A collection of creative projects in which I have been involved. There is no specific taxonomy being used to make these various works fit categories. I will add them to the post as I locate the material.

FLIGHT CROWDS 1985

film still
Ron Brownson, City Group, Flight Crowds, 1985

 

Camera: Neil Pardington
Lighting: Vivienne Smith
Sound: Gregory Brice
Sound: City Group
Figure: Rangihiroa Panoho
Research: Ron Brownson

Film Location:

http://www.ngataonga.org.nz/catalogues/moving-image-catalogue/media/flight-crowds-f38731

Reference # F38731

New  Zealand Archive of Film Television and Sound

This was an early short film project that I was involved in. I was a 22 year old arts student at the time about to begin my Masters in Art History at the University of Auckland. Along with Tina Barton I worked one summer as a Research Assistant in what is now the Eric McCormack Research Library, Auckland Art Gallery. Brownson ran this resource at the time.

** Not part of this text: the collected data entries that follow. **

lemma reduced_Cons_Cons [simp]: "reduced (l # m # w) \<longleftrightarrow> \<not> cancels l m \<and> reduced (m # w)"
  unfolding reduced_def
proof safe
  fix i assume "\<forall>i. Suc i < length (l # m # w) \<longrightarrow> \<not> cancels ((l # m # w) ! i) ((l # m # w) ! Suc i)"
    and "Suc i < length (m # w)" "cancels ((m # w) ! i) ((m # w) ! Suc i)"
  then show False by (metis length_Cons nth_Cons_Suc Suc_less_eq)
qed (auto simp: less_Suc_eq_0_disj)

lemma reduced_ConsD: "reduced (l # w) \<Longrightarrow> reduced w"
  by (cases w) simp_all

lemma reduced_red_cons: "reduced w \<Longrightarrow> reduced (red_cons l w)"
  by (cases w) (auto dest: reduced_ConsD)

lemma reduced_foldr_red_cons: "reduced v \<Longrightarrow> reduced (foldr red_cons w v)"
  by (induction w) (simp_all add: reduced_red_cons)

lemma reduced_normalize: "reduced (normalize w)"
  by (simp add: normalize_def reduced_foldr_red_cons)

lemma normalize_reduced: "reduced w \<Longrightarrow> normalize w = w"
proof (induction w)
  case Nil
  then show ?case by (simp add: normalize_def)
next
  case (Cons l w)
  then show ?case by (cases w) (auto simp: normalize_def dest: reduced_ConsD)
qed

fun inv_letter :: "letter \<Rightarrow> letter" where
  "inv_letter (i, x) = (\<not> i, x)"

lemma inv_letter_inv_letter [simp]: "inv_letter (inv_letter l) = l"
  by (cases l) simp

lemma cancels_iff: "cancels l m \<longleftrightarrow> m = inv_letter l"
  by (cases l; cases m) auto

lemma cancels_inv_letter [simp]: "cancels (inv_letter l) (inv_letter m) \<longleftrightarrow> cancels m l"
  by (cases l; cases m) auto

lemma red_cons_inv_letter: "reduced w \<Longrightarrow> red_cons (inv_letter l) (red_cons l w) = w"
proof (cases w)
  case Nil
  then show ?thesis by (cases l) simp
next
  case (Cons m v)
  assume "reduced w"
  show ?thesis
  proof (cases "cancels l m")
    case True
    with \<open>reduced w\<close> Cons show ?thesis
      by (cases v) (auto simp: cancels_iff)
  next
    case False
    then show ?thesis using Cons by (simp add: cancels_iff)
  qed
qed

lemma foldr_red_cons_red_cons:
  assumes "reduced v"
  shows "foldr red_cons (red_cons l w) v = red_cons l (foldr red_cons w v)"
proof (cases w)
  case (Cons m u)
  show ?thesis
  proof (cases "cancels l m")
    case True
    have "reduced (foldr red_cons u v)"
      using assms by (rule reduced_foldr_red_cons)
    then show ?thesis
      using Cons True red_cons_inv_letter [of _ m] by (simp add: cancels_iff)
  next
    case False
    then show ?thesis using Cons by simp
  qed
qed simp

lemma normalize_append: "normalize (u @ v) = foldr red_cons u (normalize v)"
  by (simp add: normalize_def)

lemma foldr_red_cons_normalize:
  "reduced v \<Longrightarrow> foldr red_cons (normalize w) v = foldr red_cons w v"
  by (induction w) (simp_all add: normalize_def foldr_red_cons_red_cons)

definition word_inv :: "letter list \<Rightarrow> letter list" where
  "word_inv w = rev (map inv_letter w)"

lemma foldr_red_cons_word_inv:
  "reduced v \<Longrightarrow> foldr red_cons w (foldr red_cons (word_inv w) v) = v"
proof (induction w arbitrary: v)
  case Nil
  then show ?case by (simp add: word_inv_def)
next
  case (Cons l w)
  then show ?case
    using red_cons_inv_letter [of v "inv_letter l"]
    by (simp add: word_inv_def reduced_red_cons)
qed

lemma reduced_word_inv:
  assumes "reduced w"
  shows "reduced (word_inv w)"
  unfolding reduced_def word_inv_def
proof (intro allI impI)
  fix i assume i: "Suc i < length (rev (map inv_letter w))"
  define j where "j = length w - Suc (Suc i)"
  have j: "Suc j < length w" "length w - Suc i = Suc j" "length w - Suc (Suc i) = j"
    using i by (auto simp: j_def)
  then have "\<not> cancels (w ! j) (w ! Suc j)"
    using assms by (simp add: reduced_def)
  then show "\<not> cancels (rev (map inv_letter w) ! i) (rev (map inv_letter w) ! Suc i)"
    using i j by (simp add: rev_nth)
qed

lemma group_F2: "group F2"
proof (rule groupI)
  fix x y z assume "x \<in> carrier F2" "y \<in> carrier F2" "z \<in> carrier F2"
  have "normalize (normalize (x @ y) @ z) = foldr red_cons (normalize (x @ y)) (normalize z)"
    by (rule normalize_append)
  also have "\<dots> = foldr red_cons (x @ y) (normalize z)"
    by (rule foldr_red_cons_normalize [OF reduced_normalize])
  also have "\<dots> = normalize (x @ normalize (y @ z))"
    by (simp add: normalize_append normalize_reduced reduced_normalize reduced_foldr_red_cons)
  finally show "x \<otimes>\<^bsub>F2\<^esub> y \<otimes>\<^bsub>F2\<^esub> z = x \<otimes>\<^bsub>F2\<^esub> (y \<otimes>\<^bsub>F2\<^esub> z)"
    by (simp add: F2_def)
next
  fix x assume x: "x \<in> carrier F2"
  have "word_inv x \<otimes>\<^bsub>F2\<^esub> x = \<one>\<^bsub>F2\<^esub>"
    using foldr_red_cons_word_inv [of "[]" "word_inv x"]
    by (simp add: F2_def normalize_def word_inv_def rev_map comp_def)
  moreover have "word_inv x \<in> carrier F2"
    using x by (simp add: F2_def reduced_word_inv)
  ultimately show "\<exists>y\<in>carrier F2. y \<otimes>\<^bsub>F2\<^esub> x = \<one>\<^bsub>F2\<^esub>" by blast
qed (simp_all add: F2_def reduced_normalize normalize_reduced)

declare lcs.simps(3) [simp del]

context group begin

lemma inv_mult_cancel [simp]: "x \<in> carrier G \<Longrightarrow> y \<in> carrier G \<Longrightarrow> inv x \<otimes> (x \<otimes> y) = y"
  by (simp add: m_assoc [symmetric])

lemma mult_inv_cancel [simp]: "x \<in> carrier G \<Longrightarrow> y \<in> carrier G \<Longrightarrow> x \<otimes> (inv x \<otimes> y) = y"
  by (simp add: m_assoc [symmetric])

definition commutator :: "'a \<Rightarrow> 'a \<Rightarrow> 'a"
  where "commutator x y = x \<otimes> y \<otimes> inv x \<otimes> inv y"

lemma commutator_closed [simp]:
  "x \<in> carrier G \<Longrightarrow> y \<in> carrier G \<Longrightarrow> commutator x y \<in> carrier G"
  by (simp add: commutator_def)

lemma commutator_one_right [simp]: "x \<in> carrier G \<Longrightarrow> commutator x \<one> = \<one>"
  by (simp add: commutator_def)

lemma inv_commutator:
  "x \<in> carrier G \<Longrightarrow> y \<in> carrier G \<Longrightarrow> inv (commutator x y) = commutator y x"
  by (simp add: commutator_def m_assoc inv_mult_group)

lemma commutator_inv_right:
  "x \<in> carrier G \<Longrightarrow> y \<in> carrier G \<Longrightarrow> commutator x (inv y) = inv y \<otimes> inv (commutator x y) \<otimes> y"
  by (simp add: commutator_def m_assoc inv_mult_group)

lemma commutator_mult_right:
  "x \<in> carrier G \<Longrightarrow> y \<in> carrier G \<Longrightarrow> z \<in> carrier G \<Longrightarrow>
    commutator x (y \<otimes> z) = commutator x y \<otimes> (y \<otimes> commutator x z \<otimes> inv y)"
  by (simp add: commutator_def m_assoc inv_mult_group)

Two locations were used for the film. Much of the work centres on the technical effect of the various coloured gels used by Vivienne Smith to shoot intense closely cropped shots of the eye. All visually cooked up in the kitchen of Brownson’s 19th century lean to on Seafield View Terrace in Grafton, Auckland. I have still have clear memories of film for the project being stored in the fridge. The last part of the ‘Flight Crowds’ involves imagery selected from a much longer section shot in Coromandel. This outdoor location at the end of the film involved a shoot inside the Karangahake Gorge Railway tunnel (site of the original Coromandel gold rush in 1875). The light at the end is the opening of the tunnel on the overbridge that majestically sits above the Ohinemuri River.  Designer/photographer Neil Pardington did the camera work. Ron Brownson was obsessively involved in both directing and organising the shoots in these two very different locations. The film premiered inside an Auckland University theatre and, fashionably, it was not well received. The reception for me felt unusual because I was the private and anonymous viewer having my eye projected enormously and so publically as a central screen motif.  Long before the film finished people began throwing things. Perhaps today coins would not be today’s missile of choice for the more frugal twenty first century Kiwi student venting disapproval.